Data to use:
BEGIN

lemma quad_root_elasticity_bounds:
  fixes A c r \<sigma> :: real
  assumes r: "r > 0" and A: "A > 0" and c: "c < 0" and \<sigma>: "\<sigma> > 0"
  defines "R \<equiv> quad_root A c r"
  shows "0 < ((A + \<sigma> + c) * R + r * (A + \<sigma>)) / (2 * R - (A + c - r))"
    and "((A + \<sigma> + c) * R + r * (A + \<sigma>)) / (2 * R - (A + c - r)) < \<sigma> + R"
proof -
  have R: "R > 0" and f: "(A - R + c) * R + r * (A - R) = 0"
    using quad_root_is_positive_root[OF r A] unfolding R_def by auto
  have "A + c < R" using quad_root_bounds[OF r A c] R_def by simp
  then have s: "2 * R - (A + c - r) > R + r" by simp
  have num: "(A + \<sigma> + c) * R + r * (A + \<sigma>) = (\<sigma> + R) * (R + r)"
    using f by (simp add: algebra_simps)
  have pos: "(\<sigma> + R) * (R + r) > 0" using \<sigma> R r by simp
  have "(\<sigma> + R) * (R + r) < (\<sigma> + R) * (2 * R - (A + c - r))"
    using s \<sigma> R by (simp add: mult_strict_left_mono)
  then show "0 < ((A + \<sigma> + c) * R + r * (A + \<sigma>)) / (2 * R - (A + c - r))"
    and "((A + \<sigma> + c) * R + r * (A + \<sigma>)) / (2 * R - (A + c - r)) < \<sigma> + R"
    unfolding num using pos s R r by (simp_all add: divide_less_eq)
qed

text \<open>The paper's S** (the S-component of the disease-free equilibrium) and f(R, K).\<close>

definition Sss :: "params \<Rightarrow> real \<Rightarrow> real" where
  "Sss p K = K / b p * (b p - mu0 p)"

END

Aim of the exercise: Repeat exactly the lines above from the one with "R_def by simp" up to and including the one with "using f by (simp add: algebra_simps)". No other line belongs in the reply.

Response box:
  have "A + c < R" using quad_root_bounds[OF r A c] R_def by simp
  then have s: "2 * R - (A + c - r) > R + r" by simp
  have num: "(A + \<sigma> + c) * R + r * (A + \<sigma>) = (\<sigma> + R) * (R + r)"
    using f by (simp add: algebra_simps)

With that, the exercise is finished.